> Source data:
# # #

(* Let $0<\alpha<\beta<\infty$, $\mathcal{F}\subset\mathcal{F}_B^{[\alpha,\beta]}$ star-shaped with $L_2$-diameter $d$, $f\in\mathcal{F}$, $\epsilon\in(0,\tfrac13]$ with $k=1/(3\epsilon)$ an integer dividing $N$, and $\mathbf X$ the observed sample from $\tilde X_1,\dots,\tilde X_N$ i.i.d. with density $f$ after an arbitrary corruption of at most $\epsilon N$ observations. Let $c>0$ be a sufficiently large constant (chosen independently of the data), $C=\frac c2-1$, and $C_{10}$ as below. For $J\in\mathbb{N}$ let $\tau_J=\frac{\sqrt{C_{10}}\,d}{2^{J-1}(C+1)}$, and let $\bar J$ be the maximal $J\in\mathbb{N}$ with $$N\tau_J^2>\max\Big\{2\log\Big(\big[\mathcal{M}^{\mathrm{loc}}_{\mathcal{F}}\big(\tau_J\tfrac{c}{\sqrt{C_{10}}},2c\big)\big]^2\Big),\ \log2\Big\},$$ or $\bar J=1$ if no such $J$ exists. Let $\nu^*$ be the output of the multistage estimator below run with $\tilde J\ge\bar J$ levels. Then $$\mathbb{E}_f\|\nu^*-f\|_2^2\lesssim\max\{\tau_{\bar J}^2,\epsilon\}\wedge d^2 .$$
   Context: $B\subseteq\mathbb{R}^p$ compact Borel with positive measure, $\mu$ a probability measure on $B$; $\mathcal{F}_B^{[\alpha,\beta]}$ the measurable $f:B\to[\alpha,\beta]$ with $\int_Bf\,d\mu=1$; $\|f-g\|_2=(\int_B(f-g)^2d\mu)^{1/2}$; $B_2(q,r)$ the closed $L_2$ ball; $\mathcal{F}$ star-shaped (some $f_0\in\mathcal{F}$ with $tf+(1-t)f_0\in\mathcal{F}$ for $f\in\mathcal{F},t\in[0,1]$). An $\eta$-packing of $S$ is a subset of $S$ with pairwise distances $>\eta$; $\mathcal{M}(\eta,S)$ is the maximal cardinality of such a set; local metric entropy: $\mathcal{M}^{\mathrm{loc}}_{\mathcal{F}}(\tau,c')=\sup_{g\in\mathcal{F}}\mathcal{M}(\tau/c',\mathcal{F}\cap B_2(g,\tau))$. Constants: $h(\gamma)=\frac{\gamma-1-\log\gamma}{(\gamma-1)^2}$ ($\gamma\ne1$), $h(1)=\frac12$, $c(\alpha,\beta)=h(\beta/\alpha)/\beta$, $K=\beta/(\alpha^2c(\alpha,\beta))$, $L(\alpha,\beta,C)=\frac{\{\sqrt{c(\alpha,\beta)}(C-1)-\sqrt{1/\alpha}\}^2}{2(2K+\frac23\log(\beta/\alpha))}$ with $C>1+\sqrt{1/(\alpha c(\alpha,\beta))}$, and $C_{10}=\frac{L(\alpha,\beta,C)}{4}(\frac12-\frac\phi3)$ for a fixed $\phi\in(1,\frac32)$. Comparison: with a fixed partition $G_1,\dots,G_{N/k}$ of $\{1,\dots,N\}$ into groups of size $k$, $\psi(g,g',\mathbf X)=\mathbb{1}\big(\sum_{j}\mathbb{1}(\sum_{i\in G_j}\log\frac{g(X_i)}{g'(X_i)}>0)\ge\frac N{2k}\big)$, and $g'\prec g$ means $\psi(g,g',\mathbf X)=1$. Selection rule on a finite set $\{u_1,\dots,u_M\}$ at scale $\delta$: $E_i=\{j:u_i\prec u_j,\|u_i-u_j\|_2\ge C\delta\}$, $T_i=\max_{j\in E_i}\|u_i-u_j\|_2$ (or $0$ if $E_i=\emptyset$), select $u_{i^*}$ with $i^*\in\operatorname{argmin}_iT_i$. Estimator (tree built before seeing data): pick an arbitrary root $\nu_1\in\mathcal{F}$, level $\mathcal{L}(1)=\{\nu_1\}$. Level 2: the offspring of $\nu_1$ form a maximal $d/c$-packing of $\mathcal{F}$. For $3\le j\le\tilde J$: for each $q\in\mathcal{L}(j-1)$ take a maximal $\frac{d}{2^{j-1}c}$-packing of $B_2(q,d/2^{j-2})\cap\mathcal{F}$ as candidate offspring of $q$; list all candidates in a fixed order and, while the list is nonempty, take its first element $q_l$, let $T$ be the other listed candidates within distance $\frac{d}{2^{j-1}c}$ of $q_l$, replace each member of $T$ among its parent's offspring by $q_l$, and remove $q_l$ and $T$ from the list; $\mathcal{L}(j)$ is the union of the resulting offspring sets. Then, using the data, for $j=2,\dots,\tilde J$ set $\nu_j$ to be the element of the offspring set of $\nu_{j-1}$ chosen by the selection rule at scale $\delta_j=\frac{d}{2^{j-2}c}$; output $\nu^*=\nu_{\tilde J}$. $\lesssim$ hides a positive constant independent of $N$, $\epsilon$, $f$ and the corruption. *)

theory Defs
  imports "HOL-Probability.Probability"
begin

# # #

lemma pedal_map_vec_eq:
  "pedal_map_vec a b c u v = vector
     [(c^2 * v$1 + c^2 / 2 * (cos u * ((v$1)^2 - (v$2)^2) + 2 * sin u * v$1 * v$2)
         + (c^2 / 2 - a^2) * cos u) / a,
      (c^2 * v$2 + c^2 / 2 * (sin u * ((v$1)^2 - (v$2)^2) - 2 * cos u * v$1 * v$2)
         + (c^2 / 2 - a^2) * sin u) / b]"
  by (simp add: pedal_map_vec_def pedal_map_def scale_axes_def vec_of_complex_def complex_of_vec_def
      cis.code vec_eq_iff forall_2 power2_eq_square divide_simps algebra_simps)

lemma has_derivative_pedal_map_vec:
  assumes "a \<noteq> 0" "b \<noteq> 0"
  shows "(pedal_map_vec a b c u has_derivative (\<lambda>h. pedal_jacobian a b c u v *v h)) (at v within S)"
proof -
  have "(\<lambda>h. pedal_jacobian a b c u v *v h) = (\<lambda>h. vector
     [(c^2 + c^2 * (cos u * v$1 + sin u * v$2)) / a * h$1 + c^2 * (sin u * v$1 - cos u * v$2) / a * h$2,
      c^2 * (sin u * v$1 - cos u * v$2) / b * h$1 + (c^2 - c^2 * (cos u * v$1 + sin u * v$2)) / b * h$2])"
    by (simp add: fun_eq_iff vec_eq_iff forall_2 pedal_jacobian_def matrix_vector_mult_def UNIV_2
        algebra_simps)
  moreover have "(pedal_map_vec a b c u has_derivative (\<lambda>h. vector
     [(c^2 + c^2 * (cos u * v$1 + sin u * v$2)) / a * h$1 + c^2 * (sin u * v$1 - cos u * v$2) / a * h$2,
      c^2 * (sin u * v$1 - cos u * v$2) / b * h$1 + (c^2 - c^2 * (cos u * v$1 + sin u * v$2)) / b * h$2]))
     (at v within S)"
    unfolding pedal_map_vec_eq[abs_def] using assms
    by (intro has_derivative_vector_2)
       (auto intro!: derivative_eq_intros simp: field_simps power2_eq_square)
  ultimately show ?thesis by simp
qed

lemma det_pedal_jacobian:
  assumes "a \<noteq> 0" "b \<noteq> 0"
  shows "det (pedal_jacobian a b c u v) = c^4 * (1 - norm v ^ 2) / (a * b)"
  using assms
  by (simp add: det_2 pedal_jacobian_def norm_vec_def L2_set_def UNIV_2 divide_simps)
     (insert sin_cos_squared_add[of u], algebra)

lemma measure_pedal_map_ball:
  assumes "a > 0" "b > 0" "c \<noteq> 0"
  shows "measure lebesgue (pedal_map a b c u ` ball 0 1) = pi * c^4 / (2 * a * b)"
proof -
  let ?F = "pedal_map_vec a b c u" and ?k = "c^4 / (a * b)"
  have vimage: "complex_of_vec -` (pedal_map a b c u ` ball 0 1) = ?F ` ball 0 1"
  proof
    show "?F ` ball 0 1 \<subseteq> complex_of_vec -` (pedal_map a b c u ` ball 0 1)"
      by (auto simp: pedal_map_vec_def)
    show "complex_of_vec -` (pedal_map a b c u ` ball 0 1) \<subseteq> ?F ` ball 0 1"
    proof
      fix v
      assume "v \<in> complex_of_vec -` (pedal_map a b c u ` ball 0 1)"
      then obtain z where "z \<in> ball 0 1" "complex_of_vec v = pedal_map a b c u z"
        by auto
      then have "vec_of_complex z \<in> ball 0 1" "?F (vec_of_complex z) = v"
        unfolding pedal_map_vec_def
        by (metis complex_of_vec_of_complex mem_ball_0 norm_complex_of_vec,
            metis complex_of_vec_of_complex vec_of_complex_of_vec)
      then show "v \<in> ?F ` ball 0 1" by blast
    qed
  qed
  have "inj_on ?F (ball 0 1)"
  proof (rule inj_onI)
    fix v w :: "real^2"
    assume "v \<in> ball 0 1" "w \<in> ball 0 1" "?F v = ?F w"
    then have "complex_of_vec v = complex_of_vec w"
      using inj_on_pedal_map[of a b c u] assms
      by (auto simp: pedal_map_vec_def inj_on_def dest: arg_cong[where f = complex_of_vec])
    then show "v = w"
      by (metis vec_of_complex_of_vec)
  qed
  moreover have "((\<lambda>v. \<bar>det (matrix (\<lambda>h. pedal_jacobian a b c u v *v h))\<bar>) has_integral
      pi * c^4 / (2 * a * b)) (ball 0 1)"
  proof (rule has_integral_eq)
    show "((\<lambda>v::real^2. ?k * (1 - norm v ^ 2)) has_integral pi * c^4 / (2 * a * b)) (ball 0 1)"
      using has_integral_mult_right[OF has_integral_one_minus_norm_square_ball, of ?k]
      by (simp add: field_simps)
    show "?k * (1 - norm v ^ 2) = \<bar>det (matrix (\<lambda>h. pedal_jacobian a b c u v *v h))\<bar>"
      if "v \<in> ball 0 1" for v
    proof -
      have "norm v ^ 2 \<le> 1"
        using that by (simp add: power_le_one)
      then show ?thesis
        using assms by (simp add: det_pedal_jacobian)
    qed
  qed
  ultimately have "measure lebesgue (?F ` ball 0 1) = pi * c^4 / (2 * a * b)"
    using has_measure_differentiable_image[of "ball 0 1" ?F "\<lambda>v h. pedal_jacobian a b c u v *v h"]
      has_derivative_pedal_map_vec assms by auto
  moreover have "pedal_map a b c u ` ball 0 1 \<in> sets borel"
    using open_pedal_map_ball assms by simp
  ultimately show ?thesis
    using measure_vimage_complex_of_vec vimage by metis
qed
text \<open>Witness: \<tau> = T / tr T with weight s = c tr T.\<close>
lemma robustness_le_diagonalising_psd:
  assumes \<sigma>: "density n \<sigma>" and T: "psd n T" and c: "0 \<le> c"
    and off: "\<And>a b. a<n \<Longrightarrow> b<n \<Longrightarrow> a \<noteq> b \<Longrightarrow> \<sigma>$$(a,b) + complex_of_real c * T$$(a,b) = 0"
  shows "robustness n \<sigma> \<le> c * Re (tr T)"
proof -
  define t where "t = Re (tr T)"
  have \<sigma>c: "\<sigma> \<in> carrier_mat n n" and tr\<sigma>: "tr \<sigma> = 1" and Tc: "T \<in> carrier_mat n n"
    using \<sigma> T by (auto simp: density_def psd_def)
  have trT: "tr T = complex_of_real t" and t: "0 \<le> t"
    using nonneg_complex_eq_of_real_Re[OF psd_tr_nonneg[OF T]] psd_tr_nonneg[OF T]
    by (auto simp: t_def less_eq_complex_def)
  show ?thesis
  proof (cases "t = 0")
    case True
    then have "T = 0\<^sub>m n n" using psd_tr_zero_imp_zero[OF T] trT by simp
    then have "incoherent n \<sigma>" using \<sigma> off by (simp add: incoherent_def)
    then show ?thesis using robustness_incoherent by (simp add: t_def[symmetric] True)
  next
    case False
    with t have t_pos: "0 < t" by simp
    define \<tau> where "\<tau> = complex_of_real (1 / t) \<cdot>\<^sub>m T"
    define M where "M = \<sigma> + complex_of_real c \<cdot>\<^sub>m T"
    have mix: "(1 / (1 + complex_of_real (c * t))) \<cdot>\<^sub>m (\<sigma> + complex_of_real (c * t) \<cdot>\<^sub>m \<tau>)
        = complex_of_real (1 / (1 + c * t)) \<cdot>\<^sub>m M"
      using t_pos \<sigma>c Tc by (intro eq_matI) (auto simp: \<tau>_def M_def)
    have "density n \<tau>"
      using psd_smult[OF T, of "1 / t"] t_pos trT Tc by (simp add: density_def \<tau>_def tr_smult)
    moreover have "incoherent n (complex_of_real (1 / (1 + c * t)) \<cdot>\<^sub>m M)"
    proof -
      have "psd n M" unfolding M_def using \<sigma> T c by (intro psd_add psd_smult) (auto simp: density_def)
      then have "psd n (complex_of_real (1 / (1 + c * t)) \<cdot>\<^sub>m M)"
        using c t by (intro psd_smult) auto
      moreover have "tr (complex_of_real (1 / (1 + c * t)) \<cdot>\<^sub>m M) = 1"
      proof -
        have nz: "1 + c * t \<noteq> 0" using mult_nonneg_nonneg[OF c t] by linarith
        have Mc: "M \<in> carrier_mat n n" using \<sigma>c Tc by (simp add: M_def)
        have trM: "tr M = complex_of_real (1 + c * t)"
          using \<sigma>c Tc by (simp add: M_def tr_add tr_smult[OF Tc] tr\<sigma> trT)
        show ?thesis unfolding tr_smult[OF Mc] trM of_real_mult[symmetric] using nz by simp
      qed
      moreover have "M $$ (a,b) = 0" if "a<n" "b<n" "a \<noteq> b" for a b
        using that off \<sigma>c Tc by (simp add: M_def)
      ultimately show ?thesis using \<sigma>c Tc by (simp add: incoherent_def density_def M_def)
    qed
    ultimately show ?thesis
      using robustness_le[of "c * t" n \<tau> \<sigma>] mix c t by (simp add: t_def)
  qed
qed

# # #

> INSTRUCTIONS TO FOLLOW: Reply with nothing but the number of lines in the data above that contain "intro".

> RESPONSE TO THIS TASK: 5